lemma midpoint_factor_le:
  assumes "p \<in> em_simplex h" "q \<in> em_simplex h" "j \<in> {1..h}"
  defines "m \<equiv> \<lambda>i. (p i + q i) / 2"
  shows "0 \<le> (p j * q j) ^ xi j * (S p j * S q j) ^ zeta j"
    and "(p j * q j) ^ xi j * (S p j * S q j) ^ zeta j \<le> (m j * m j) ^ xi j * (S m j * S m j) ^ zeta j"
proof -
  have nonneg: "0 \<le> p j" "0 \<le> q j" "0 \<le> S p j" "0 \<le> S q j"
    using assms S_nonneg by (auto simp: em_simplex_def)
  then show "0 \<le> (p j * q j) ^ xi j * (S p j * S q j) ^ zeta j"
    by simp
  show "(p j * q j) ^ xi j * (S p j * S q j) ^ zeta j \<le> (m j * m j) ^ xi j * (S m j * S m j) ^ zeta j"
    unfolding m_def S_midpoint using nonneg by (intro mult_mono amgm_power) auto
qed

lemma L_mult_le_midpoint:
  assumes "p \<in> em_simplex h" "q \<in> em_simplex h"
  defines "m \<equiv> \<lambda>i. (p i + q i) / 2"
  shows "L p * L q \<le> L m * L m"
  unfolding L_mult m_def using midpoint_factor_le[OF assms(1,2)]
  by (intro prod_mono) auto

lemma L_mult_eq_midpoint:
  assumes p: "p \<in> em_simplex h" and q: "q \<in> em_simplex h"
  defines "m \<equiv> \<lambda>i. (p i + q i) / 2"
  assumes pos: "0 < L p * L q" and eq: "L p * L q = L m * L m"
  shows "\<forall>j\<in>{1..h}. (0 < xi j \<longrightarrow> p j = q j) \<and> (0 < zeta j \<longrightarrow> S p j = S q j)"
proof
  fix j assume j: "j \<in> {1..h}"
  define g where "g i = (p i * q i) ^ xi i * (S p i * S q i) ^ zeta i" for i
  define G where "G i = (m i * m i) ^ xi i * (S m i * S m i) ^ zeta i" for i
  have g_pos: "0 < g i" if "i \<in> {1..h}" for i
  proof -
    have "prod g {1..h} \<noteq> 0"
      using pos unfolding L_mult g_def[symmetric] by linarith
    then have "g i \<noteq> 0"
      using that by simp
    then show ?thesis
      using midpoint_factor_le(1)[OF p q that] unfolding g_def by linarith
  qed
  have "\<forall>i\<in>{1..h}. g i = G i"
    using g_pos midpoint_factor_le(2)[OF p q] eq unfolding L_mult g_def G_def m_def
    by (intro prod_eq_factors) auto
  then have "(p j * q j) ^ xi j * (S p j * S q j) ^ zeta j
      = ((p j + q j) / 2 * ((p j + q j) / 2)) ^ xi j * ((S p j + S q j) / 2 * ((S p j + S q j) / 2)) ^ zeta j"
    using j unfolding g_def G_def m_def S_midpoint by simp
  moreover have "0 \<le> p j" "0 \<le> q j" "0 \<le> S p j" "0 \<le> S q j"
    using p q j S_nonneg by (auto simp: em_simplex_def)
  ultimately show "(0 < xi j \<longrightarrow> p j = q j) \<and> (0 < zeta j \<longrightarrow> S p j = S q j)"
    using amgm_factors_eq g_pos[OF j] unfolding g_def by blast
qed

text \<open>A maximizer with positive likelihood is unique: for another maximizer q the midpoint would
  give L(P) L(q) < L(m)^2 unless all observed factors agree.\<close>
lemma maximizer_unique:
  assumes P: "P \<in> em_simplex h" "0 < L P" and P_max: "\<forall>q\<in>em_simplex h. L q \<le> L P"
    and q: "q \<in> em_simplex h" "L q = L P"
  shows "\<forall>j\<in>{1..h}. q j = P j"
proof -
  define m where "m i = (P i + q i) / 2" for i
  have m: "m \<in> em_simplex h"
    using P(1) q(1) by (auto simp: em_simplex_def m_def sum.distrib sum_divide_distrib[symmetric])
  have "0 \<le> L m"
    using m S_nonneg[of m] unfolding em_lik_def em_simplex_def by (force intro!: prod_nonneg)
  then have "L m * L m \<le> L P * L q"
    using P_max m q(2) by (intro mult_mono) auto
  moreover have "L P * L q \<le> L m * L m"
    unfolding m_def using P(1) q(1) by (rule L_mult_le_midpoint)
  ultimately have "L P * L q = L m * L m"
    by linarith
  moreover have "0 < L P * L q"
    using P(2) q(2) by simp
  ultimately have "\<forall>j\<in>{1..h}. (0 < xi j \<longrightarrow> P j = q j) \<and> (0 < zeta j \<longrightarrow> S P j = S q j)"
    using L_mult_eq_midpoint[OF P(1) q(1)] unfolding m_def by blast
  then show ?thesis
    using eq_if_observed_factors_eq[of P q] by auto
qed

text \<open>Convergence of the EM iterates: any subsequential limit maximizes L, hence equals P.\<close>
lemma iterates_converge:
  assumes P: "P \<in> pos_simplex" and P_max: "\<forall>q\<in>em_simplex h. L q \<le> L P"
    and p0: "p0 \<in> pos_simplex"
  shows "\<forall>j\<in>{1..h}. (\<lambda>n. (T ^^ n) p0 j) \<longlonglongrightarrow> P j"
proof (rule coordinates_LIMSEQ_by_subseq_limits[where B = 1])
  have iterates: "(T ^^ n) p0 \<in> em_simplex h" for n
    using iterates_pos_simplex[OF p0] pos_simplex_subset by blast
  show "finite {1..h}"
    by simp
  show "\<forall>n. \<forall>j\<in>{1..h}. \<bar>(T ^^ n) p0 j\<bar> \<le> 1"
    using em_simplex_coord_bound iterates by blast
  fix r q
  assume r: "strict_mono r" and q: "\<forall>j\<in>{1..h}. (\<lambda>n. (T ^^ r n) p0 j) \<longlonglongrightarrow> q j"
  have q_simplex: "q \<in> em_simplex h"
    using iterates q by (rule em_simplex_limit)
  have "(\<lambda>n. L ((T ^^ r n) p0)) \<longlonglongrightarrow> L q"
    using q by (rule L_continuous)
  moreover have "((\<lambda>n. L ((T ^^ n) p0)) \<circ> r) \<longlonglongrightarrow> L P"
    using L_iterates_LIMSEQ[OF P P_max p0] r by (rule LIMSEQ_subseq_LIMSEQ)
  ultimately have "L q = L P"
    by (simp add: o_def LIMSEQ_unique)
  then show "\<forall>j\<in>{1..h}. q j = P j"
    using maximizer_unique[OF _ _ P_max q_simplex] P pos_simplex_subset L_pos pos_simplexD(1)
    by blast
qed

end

# What the exercise asks
Nothing but a number should be given: the count of lines in the data above with the word "blast".

# Solution
5